YOUR INSTRUCTIONS:
Starting at the line that holds "s *\<^sub>R norm" and stopping at the line that holds "s *\<^sub>R (p", restate the records below word for word, with both of those lines included.

DATASET EXTRACT:
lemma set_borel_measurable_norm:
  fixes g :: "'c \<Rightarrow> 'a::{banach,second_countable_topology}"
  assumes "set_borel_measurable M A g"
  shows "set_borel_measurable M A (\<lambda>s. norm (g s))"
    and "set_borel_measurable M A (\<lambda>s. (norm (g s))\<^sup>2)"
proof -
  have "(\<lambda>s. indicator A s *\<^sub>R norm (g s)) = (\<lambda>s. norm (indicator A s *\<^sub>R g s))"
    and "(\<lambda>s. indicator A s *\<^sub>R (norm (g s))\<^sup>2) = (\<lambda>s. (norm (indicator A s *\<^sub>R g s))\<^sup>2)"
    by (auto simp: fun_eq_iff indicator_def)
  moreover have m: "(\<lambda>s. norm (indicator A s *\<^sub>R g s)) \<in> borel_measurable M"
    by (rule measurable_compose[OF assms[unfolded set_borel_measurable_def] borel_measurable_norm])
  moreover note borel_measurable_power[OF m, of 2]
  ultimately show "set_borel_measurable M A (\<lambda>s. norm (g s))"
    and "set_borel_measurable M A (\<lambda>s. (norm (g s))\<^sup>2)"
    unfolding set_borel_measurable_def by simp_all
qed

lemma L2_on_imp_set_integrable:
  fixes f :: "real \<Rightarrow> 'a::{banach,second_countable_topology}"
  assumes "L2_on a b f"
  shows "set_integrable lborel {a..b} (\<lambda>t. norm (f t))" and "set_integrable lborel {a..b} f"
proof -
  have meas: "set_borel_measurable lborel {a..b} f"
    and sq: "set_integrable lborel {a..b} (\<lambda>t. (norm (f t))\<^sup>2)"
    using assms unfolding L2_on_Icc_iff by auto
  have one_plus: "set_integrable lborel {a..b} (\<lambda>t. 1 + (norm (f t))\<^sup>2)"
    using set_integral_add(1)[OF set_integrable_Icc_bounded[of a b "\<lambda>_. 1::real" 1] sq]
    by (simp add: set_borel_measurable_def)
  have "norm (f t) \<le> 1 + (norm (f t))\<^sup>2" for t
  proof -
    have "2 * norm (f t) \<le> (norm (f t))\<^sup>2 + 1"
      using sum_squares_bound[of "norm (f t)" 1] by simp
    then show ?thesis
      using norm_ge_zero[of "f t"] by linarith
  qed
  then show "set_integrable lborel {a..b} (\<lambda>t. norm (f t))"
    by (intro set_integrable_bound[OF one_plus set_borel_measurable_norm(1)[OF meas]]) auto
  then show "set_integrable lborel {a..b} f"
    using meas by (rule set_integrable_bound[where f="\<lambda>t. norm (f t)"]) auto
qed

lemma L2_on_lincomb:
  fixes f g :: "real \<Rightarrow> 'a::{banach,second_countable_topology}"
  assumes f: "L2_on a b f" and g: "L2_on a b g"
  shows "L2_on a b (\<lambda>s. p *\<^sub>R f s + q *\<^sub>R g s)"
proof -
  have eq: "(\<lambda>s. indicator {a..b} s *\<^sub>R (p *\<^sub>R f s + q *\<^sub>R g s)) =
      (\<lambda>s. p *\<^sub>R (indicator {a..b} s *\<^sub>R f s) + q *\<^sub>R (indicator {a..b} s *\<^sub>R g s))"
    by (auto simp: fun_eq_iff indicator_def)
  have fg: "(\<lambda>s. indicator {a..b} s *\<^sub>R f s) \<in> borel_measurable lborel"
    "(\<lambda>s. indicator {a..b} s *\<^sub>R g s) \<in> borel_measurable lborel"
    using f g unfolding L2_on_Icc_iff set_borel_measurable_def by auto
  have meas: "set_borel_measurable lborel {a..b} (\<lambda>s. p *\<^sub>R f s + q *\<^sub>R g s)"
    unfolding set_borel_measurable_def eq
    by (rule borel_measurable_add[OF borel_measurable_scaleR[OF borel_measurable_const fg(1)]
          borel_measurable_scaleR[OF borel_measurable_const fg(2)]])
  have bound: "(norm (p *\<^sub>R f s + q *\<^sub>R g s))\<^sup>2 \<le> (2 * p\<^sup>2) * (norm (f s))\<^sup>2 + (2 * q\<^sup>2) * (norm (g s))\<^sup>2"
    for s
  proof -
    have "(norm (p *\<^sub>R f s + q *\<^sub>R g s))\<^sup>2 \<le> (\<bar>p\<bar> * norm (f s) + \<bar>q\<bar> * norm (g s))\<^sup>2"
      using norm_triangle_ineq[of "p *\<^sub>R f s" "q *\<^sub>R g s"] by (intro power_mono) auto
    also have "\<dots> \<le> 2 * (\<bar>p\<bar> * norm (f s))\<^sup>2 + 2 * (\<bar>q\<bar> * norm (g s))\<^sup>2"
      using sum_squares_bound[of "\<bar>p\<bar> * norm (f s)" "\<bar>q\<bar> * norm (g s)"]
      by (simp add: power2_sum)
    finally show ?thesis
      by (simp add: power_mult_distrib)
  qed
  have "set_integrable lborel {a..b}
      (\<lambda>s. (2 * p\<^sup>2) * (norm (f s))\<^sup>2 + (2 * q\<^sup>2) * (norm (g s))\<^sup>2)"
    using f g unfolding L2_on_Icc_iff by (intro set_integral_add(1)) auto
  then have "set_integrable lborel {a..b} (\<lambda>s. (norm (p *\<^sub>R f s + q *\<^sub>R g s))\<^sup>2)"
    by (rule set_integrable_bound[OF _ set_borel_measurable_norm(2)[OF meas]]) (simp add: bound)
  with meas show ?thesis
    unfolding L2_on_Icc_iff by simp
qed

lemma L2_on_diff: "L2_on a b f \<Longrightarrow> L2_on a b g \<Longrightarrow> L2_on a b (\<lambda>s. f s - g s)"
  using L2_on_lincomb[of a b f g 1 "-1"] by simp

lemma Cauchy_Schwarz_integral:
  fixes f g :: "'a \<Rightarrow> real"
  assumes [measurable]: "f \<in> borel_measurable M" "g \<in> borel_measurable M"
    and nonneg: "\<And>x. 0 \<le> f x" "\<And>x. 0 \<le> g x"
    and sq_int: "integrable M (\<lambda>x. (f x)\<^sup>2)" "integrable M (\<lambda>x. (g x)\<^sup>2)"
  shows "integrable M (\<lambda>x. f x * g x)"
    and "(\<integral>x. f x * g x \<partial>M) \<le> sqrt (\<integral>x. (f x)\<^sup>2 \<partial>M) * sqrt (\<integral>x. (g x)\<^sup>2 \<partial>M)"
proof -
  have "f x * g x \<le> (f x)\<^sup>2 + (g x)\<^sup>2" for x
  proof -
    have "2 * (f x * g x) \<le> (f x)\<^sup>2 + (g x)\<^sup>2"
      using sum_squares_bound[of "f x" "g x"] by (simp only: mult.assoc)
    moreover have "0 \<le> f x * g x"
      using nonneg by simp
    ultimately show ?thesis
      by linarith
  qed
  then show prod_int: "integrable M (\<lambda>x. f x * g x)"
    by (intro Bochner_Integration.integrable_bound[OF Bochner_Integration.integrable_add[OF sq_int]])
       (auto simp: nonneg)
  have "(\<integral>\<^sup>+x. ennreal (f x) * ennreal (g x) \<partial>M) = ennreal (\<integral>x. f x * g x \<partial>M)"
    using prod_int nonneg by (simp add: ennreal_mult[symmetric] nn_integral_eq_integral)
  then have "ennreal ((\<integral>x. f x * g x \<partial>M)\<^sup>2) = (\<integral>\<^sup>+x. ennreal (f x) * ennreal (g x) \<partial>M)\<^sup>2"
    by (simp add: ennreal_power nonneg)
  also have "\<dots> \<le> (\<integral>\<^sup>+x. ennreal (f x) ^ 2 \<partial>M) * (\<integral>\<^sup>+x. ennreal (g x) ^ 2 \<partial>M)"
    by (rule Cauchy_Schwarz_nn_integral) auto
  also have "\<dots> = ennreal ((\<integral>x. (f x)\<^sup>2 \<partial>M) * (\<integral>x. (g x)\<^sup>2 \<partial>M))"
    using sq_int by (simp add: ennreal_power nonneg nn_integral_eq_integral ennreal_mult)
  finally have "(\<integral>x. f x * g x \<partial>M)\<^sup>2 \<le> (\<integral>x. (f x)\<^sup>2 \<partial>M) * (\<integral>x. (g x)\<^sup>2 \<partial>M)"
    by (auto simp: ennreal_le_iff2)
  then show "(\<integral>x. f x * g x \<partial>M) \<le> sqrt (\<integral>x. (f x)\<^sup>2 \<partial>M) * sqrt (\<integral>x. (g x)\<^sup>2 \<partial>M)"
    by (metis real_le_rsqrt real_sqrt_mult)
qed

THE ANSWER:
  have "(\<lambda>s. indicator A s *\<^sub>R norm (g s)) = (\<lambda>s. norm (indicator A s *\<^sub>R g s))"
    and "(\<lambda>s. indicator A s *\<^sub>R (norm (g s))\<^sup>2) = (\<lambda>s. (norm (indicator A s *\<^sub>R g s))\<^sup>2)"
    by (auto simp: fun_eq_iff indicator_def)
  moreover have m: "(\<lambda>s. norm (indicator A s *\<^sub>R g s)) \<in> borel_measurable M"
    by (rule measurable_compose[OF assms[unfolded set_borel_measurable_def] borel_measurable_norm])
  moreover note borel_measurable_power[OF m, of 2]
  ultimately show "set_borel_measurable M A (\<lambda>s. norm (g s))"
    and "set_borel_measurable M A (\<lambda>s. (norm (g s))\<^sup>2)"
    unfolding set_borel_measurable_def by simp_all
qed

lemma L2_on_imp_set_integrable:
  fixes f :: "real \<Rightarrow> 'a::{banach,second_countable_topology}"
  assumes "L2_on a b f"
  shows "set_integrable lborel {a..b} (\<lambda>t. norm (f t))" and "set_integrable lborel {a..b} f"
proof -
  have meas: "set_borel_measurable lborel {a..b} f"
    and sq: "set_integrable lborel {a..b} (\<lambda>t. (norm (f t))\<^sup>2)"
    using assms unfolding L2_on_Icc_iff by auto
  have one_plus: "set_integrable lborel {a..b} (\<lambda>t. 1 + (norm (f t))\<^sup>2)"
    using set_integral_add(1)[OF set_integrable_Icc_bounded[of a b "\<lambda>_. 1::real" 1] sq]
    by (simp add: set_borel_measurable_def)
  have "norm (f t) \<le> 1 + (norm (f t))\<^sup>2" for t
  proof -
    have "2 * norm (f t) \<le> (norm (f t))\<^sup>2 + 1"
      using sum_squares_bound[of "norm (f t)" 1] by simp
    then show ?thesis
      using norm_ge_zero[of "f t"] by linarith
  qed
  then show "set_integrable lborel {a..b} (\<lambda>t. norm (f t))"
    by (intro set_integrable_bound[OF one_plus set_borel_measurable_norm(1)[OF meas]]) auto
  then show "set_integrable lborel {a..b} f"
    using meas by (rule set_integrable_bound[where f="\<lambda>t. norm (f t)"]) auto
qed

lemma L2_on_lincomb:
  fixes f g :: "real \<Rightarrow> 'a::{banach,second_countable_topology}"
  assumes f: "L2_on a b f" and g: "L2_on a b g"
  shows "L2_on a b (\<lambda>s. p *\<^sub>R f s + q *\<^sub>R g s)"
proof -
  have eq: "(\<lambda>s. indicator {a..b} s *\<^sub>R (p *\<^sub>R f s + q *\<^sub>R g s)) =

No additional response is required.